* REQUIRED ACTION *
Both the line below containing "old(1) in blast)+" and the line containing "assms(3) by (rule P_reaches_mnew) blast", along with every line between them, should be repeated exactly; no other line belongs in the answer.

* DATA FOR PROCESSING *
____________
lemma connects_subdivision:
  assumes "connects H F" and "F \<subseteq> edges H" and "F - {b0, b} \<subseteq> F'"
    and "b0 \<in> F \<Longrightarrow> (M1, M2) \<in> (adj G F')\<^sup>*" and "b \<in> F \<Longrightarrow> Y \<subseteq> F'"
    and "u \<in> mols H" and "(u, mnew) \<in> (adj G F')\<^sup>*"
  shows "connects G F'"
  using adj_subset_rtrancl_adj[OF assms(2-5)]
  by (rule connects_insert_mol[OF assms(1) mols_eq assms(6,7)])

lemma b_not_black: "doubly_connecting H Bblack Bblue \<Longrightarrow> b \<notin> Bblack"
  using b unfolding doubly_connecting_def by fastforce

lemma doubly_connecting_if_b0_not_blue:
  assumes dc: "doubly_connecting H Bblack Bblue" and "b0 \<notin> Bblue"
  shows "doubly_connecting G (Bblack - {b0} \<union> {b1, b2}) (Bblue - {b} \<union> Y)"
proof -
  let ?Bblack = "Bblack - {b0} \<union> {b1, b2}" and ?Bblue = "Bblue - {b} \<union> Y"
  have black: "Bblack \<subseteq> edges H" "\<forall>e\<in>Bblack. kind H e = Diffusive" "connects H Bblack"
    and blue: "Bblue \<subseteq> edges H" "connects H Bblue" and disj: "Bblack \<inter> Bblue = {}"
    using dc unfolding doubly_connecting_def by auto
  have "b \<notin> Bblack" using b_not_black[OF dc] .
  have old: "Bblack - {b0} \<subseteq> edges H - {b0, b}" "Bblue - {b} \<subseteq> edges H - {b0, b}"
    using black(1) blue(1) \<open>b \<notin> Bblack\<close> assms(2) by auto
  have M1_mnew: "(M1, mnew) \<in> (adj G ?Bblack)\<^sup>*" by (intro r_into_rtrancl adjI[OF _ b1(3)]) simp
  have M2_mnew: "(M2, mnew) \<in> (adj G ?Bblack)\<^sup>*" by (intro r_into_rtrancl adjI[OF _ b2(3)]) simp
  have M1_M2: "(M1, M2) \<in> (adj G ?Bblack)\<^sup>*" using M1_mnew M2_mnew by (rule rtrancl_adj_via)
  have "connects G ?Bblack"
    by (rule connects_subdivision[OF black(3,1) _ _ _ b0(2) M1_mnew])
      (use M1_M2 \<open>b \<notin> Bblack\<close> in blast)+
  moreover obtain p where "p \<in> P" using P(2) by blast
  then have p_mnew: "(p, mnew) \<in> (adj G ?Bblue)\<^sup>*" by (rule P_reaches_mnew) blast
  have "connects G ?Bblue"
    by (rule connects_subdivision[OF blue(2,1) _ _ _ _ p_mnew])
      (use assms(2) P(1) \<open>p \<in> P\<close> in blast)+
  moreover have "\<forall>e\<in>?Bblack. kind G e = Diffusive"
    using old_edges(2)[OF old(1)] black(2) b1(2) b2(2) by auto
  moreover have "?Bblack \<subseteq> edges G" "?Bblue \<subseteq> edges G"
    using old_edges(1)[OF old(1)] old_edges(1)[OF old(2)] b1(1) b2(1) Y(1) by auto
  moreover have "?Bblack \<inter> ?Bblue = {}"
    using disj black(1) b1(1) b2(1) blue(1) Y(1) new_distinct by blast
  ultimately show ?thesis unfolding doubly_connecting_def by blast
qed

lemma doubly_connecting_if_M1_reaches_P:
  assumes dc: "doubly_connecting H Bblack Bblue" and "b0 \<in> Bblue"
    and "p \<in> P" and "(M1, p) \<in> (adj H (Bblue - {b0, b}))\<^sup>*"
  shows "doubly_connecting G (insert b1 Bblack) (Bblue - {b0, b} \<union> insert b2 Y)"
proof -
  let ?Bblack = "insert b1 Bblack" and ?Bblue = "Bblue - {b0, b} \<union> insert b2 Y"
  have black: "Bblack \<subseteq> edges H" "\<forall>e\<in>Bblack. kind H e = Diffusive" "connects H Bblack"
    and blue: "Bblue \<subseteq> edges H" "connects H Bblue" and disj: "Bblack \<inter> Bblue = {}"
    using dc unfolding doubly_connecting_def by auto
  have old: "Bblack \<subseteq> edges H - {b0, b}" "Bblue - {b0, b} \<subseteq> edges H - {b0, b}"
    using black(1) blue(1) b_not_black[OF dc] disj assms(2) by auto
  have M1_mnew: "(M1, mnew) \<in> (adj G ?Bblack)\<^sup>*" by (intro r_into_rtrancl adjI[OF _ b1(3)]) simp
  have "connects G ?Bblack"
    by (rule connects_subdivision[OF black(3,1) _ _ _ b0(2) M1_mnew]) (use old(1) in blast)+
  moreover have "connects G ?Bblue"
  proof -
    have "adj H (Bblue - {b0, b}) \<subseteq> (adj G ?Bblue)\<^sup>*"
      by (rule adj_subset_rtrancl_adj) (use blue(1) in blast)+
    then have "(M1, p) \<in> (adj G ?Bblue)\<^sup>*"
      using assms(4) rtrancl_subset_rtrancl by blast
    moreover have "(p, mnew) \<in> (adj G ?Bblue)\<^sup>*" using assms(3) by (rule P_reaches_mnew) blast
    moreover have M2_mnew: "(M2, mnew) \<in> (adj G ?Bblue)\<^sup>*"
      by (intro r_into_rtrancl adjI[OF _ b2(3)]) simp
    ultimately have M1_M2: "(M1, M2) \<in> (adj G ?Bblue)\<^sup>*"
      by (meson rtrancl_adj_via rtrancl_trans)
    show ?thesis
      by (rule connects_subdivision[OF blue(2,1) _ _ _ b0(3) M2_mnew]) (use M1_M2 in blast)+
  qed
  moreover have "\<forall>e\<in>?Bblack. kind G e = Diffusive"
    using old_edges(2)[OF old(1)] black(2) b1(2) by auto
  moreover have "?Bblack \<subseteq> edges G" "?Bblue \<subseteq> edges G"
    using old_edges(1)[OF old(1)] old_edges(1)[OF old(2)] b1(1) b2(1) Y(1) by auto
  moreover have "?Bblack \<inter> ?Bblue = {}"
    using disj black(1) b1(1) b2(1) blue(1) Y(1) new_distinct by blast
  ultimately show ?thesis unfolding doubly_connecting_def by blast
qed

theorem doubly_connected_if_doubly_connected:
  assumes "doubly_connected H"
  shows "doubly_connected G"
proof -
  obtain Bblack Bblue where dc: "doubly_connecting H Bblack Bblue"
    using assms doubly_connected_iff_doubly_connecting[OF finite_edges(1)] by blast
  show ?thesis
  proof (cases "b0 \<in> Bblue")
    case False
    then show ?thesis using doubly_connecting_if_b0_not_blue[OF dc]
      doubly_connected_iff_doubly_connecting[OF finite_edges(2)] by blast
  next
    case True
    have blue: "Bblue \<subseteq> edges H" "connects H Bblue"
      using dc unfolding doubly_connecting_def by auto
    obtain p0 where "p0 \<in> P" using P(2) by blast
    have "\<exists>x\<in>{M1, M2}. \<exists>p\<in>P. (x, p) \<in> (adj H (Bblue - {b0, b}))\<^sup>*"
      by (rule connects_Diff_reaches[OF blue(2) b0(1,2) _ \<open>p0 \<in> P\<close>])
        (use blue(1) b \<open>p0 \<in> P\<close> P(1) in auto)
    then consider p where "p \<in> P" "(M1, p) \<in> (adj H (Bblue - {b0, b}))\<^sup>*"
      | p where "p \<in> P" "(M2, p) \<in> (adj H (Bblue - {b0, b}))\<^sup>*"
      by blast
    then show ?thesis
    proof cases
      case 1
      then show ?thesis using doubly_connecting_if_M1_reaches_P[OF dc True]
        doubly_connected_iff_doubly_connecting[OF finite_edges(2)] by blast
    next
      case 2
      then show ?thesis
        using subdivision.doubly_connecting_if_M1_reaches_P[OF subdivision_swap dc True]
        doubly_connected_iff_doubly_connecting[OF finite_edges(2)] by blast
    qed
  qed
qed

end

lemma wf_mgraph_endp_subset:
  "wf_mgraph G \<Longrightarrow> e \<in> edges G \<Longrightarrow> endp G e \<subseteq> mols G"
  unfolding wf_mgraph_def by fastforce

lemma subdivide2_mols_edges [simp]:
  "mols (subdivide2 G v b0 b b1 b2 b3 b4 M1 M2 M3 M4) = insert v (mols G)"
  "edges (subdivide2 G v b0 b b1 b2 b3 b4 M1 M2 M3 M4) = edges G - {b0, b} \<union> {b1, b2, b3, b4}"
  by (simp_all add: subdivide2_def)

lemma subdivide2_new_edges:
  assumes "distinct [b1, b2, b3, b4]"
  shows "endp (subdivide2 G v b0 b b1 b2 b3 b4 M1 M2 M3 M4) b1 = {M1, v}"
    and "endp (subdivide2 G v b0 b b1 b2 b3 b4 M1 M2 M3 M4) b2 = {M2, v}"
    and "endp (subdivide2 G v b0 b b1 b2 b3 b4 M1 M2 M3 M4) b3 = {M3, v}"
    and "endp (subdivide2 G v b0 b b1 b2 b3 b4 M1 M2 M3 M4) b4 = {M4, v}"
    and "kind (subdivide2 G v b0 b b1 b2 b3 b4 M1 M2 M3 M4) b1 = Diffusive"
    and "kind (subdivide2 G v b0 b b1 b2 b3 b4 M1 M2 M3 M4) b2 = Diffusive"
    and "kind (subdivide2 G v b0 b b1 b2 b3 b4 M1 M2 M3 M4) b3 = BlueSolid"
    and "kind (subdivide2 G v b0 b b1 b2 b3 b4 M1 M2 M3 M4) b4 = BlueSolid"
  using assms by (simp_all add: subdivide2_def)

context
  fixes G :: "('v, 'e) mgraph" and mnew M1 M2 M3 M4 :: 'v and b0 b b1 b2 b3 b4 :: 'e
  assumes wf: "wf_mgraph G"
    and b0: "b0 \<in> edges G" "endp G b0 = {M1, M2}"
    and b: "b \<in> edges G" "kind G b = BlueSolid" "endp G b = {M3, M4}"
    and fresh: "b1 \<notin> edges G" "b2 \<notin> edges G" "b3 \<notin> edges G" "b4 \<notin> edges G"
    and distinct: "distinct [b1, b2, b3, b4]"
begin

lemma finite_edges_G: "finite (edges G)"
  using wf unfolding wf_mgraph_def by blast

lemma molecules_in_mols: "M1 \<in> mols G" "M2 \<in> mols G" "M3 \<in> mols G" "M4 \<in> mols G"
  using wf_mgraph_endp_subset[OF wf b0(1)] wf_mgraph_endp_subset[OF wf b(1)] b0(2) b(3)
  by auto

lemma subdivide2_old_edge:
  assumes "e \<in> edges G"
  shows "endp (subdivide2 G mnew b0 b b1 b2 b3 b4 M1 M2 M3 M4) e = endp G e"
    and "kind (subdivide2 G mnew b0 b b1 b2 b3 b4 M1 M2 M3 M4) e = kind G e"
  using assms fresh by (auto simp: subdivide2_def)

lemma subdivision_delete_edge:
  assumes "e \<notin> {b1, b2, b3, b4}"
  shows "subdivision (delete_edge G e) (delete_edge (subdivide2 G mnew b0 b b1 b2 b3 b4 M1 M2 M3 M4) e)
           mnew b0 b1 b2 M1 M2 b {M3, M4} {b3, b4}"
  by unfold_locales
    (use assms finite_edges_G molecules_in_mols b0 b fresh distinct in
      \<open>auto simp: subdivide2_new_edges subdivide2_old_edge\<close>)

lemma subdivision_delete_b3:
  "subdivision (delete_edge G b) (delete_edge (subdivide2 G mnew b0 b b1 b2 b3 b4 M1 M2 M3 M4) b3)
     mnew b0 b1 b2 M1 M2 b {M4} {b4}"
  by unfold_locales
    (use finite_edges_G molecules_in_mols b0 b fresh distinct in
      \<open>auto simp: subdivide2_new_edges subdivide2_old_edge\<close>)

lemma subdivision_delete_b4:
  "subdivision (delete_edge G b) (delete_edge (subdivide2 G mnew b0 b b1 b2 b3 b4 M1 M2 M3 M4) b4)
     mnew b0 b1 b2 M1 M2 b {M3} {b3}"
  by unfold_locales
    (use finite_edges_G molecules_in_mols b0 b fresh distinct in
      \<open>auto simp: subdivide2_new_edges subdivide2_old_edge\<close>)

end

theorem claimA4:
  fixes G :: "('v, 'e) mgraph" and mnew M1 M2 M3 M4 :: 'v and b0 b b1 b2 b3 b4 :: 'e
  assumes "wf_mgraph G" and "doubly_connected G"
    and "b0 \<in> edges G" and "kind G b0 = Diffusive" and "endp G b0 = {M1, M2}"
    and "b \<in> edges G" and "kind G b = BlueSolid" and "endp G b = {M3, M4}"
    and "mnew \<notin> mols G"
    and "b1 \<notin> edges G" and "b2 \<notin> edges G" and "b3 \<notin> edges G" and "b4 \<notin> edges G"
    and "distinct [b1, b2, b3, b4]"
  defines "Gnew \<equiv> subdivide2 G mnew b0 b b1 b2 b3 b4 M1 M2 M3 M4"
  shows "(\<forall>e. e \<in> edges G \<and> kind G e = BlueSolid \<and> e \<noteq> b \<and> redundant G e
              \<longrightarrow> redundant Gnew e)
       \<and> (redundant G b \<longrightarrow>
            (redundant Gnew b3 \<or> redundant Gnew b4)
          \<and> (redundant Gnew b3 \<longrightarrow> redundant (make_diffusive Gnew b3) b4)
          \<and> (redundant Gnew b4 \<longrightarrow> redundant (make_diffusive Gnew b4) b3))"
proof -
  note setting = assms(1,3,5-8,10-14)
  have "redundant Gnew e"
    if e: "e \<in> edges G" "kind G e = BlueSolid" "e \<noteq> b" "redundant G e" for e
  proof -
    have "e \<notin> {b1, b2, b3, b4}" "e \<noteq> b0" using e(1,2) assms(4,10-13) by auto
    then have "doubly_connected (delete_edge Gnew e)"
      using subdivision.doubly_connected_if_doubly_connected[OF subdivision_delete_edge[OF setting]]
        e(4)
      unfolding Gnew_def redundant_def by blast
    then show ?thesis
      using e \<open>e \<noteq> b0\<close> subdivide2_old_edge[OF setting e(1)] unfolding redundant_def Gnew_def
      by (auto intro: doubly_connected_delete_edgeD)
  qed
  moreover have "redundant Gnew b3" "redundant Gnew b4" if "redundant G b"
  proof -
    have "doubly_connected (delete_edge G b)" using that unfolding redundant_def by blast
    then have "doubly_connected (delete_edge Gnew b3)" "doubly_connected (delete_edge Gnew b4)"
      using subdivision.doubly_connected_if_doubly_connected[OF subdivision_delete_b3[OF setting]]
        subdivision.doubly_connected_if_doubly_connected[OF subdivision_delete_b4[OF setting]]
      unfolding Gnew_def by blast+
    then show "redundant Gnew b3" "redundant Gnew b4"
      unfolding redundant_def Gnew_def using doubly_connected_delete_edgeD assms(14)
      by (auto simp: subdivide2_new_edges)
  qed
  ultimately show ?thesis
    using assms(14) by (auto intro: redundant_make_diffusive)
qed

end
____________
* SOLUTION BELOW *
    by (rule connects_subdivision[OF black(3,1) _ _ _ b0(2) M1_mnew]) (use old(1) in blast)+
  moreover have "connects G ?Bblue"
  proof -
    have "adj H (Bblue - {b0, b}) \<subseteq> (adj G ?Bblue)\<^sup>*"
      by (rule adj_subset_rtrancl_adj) (use blue(1) in blast)+
    then have "(M1, p) \<in> (adj G ?Bblue)\<^sup>*"
      using assms(4) rtrancl_subset_rtrancl by blast
    moreover have "(p, mnew) \<in> (adj G ?Bblue)\<^sup>*" using assms(3) by (rule P_reaches_mnew) blast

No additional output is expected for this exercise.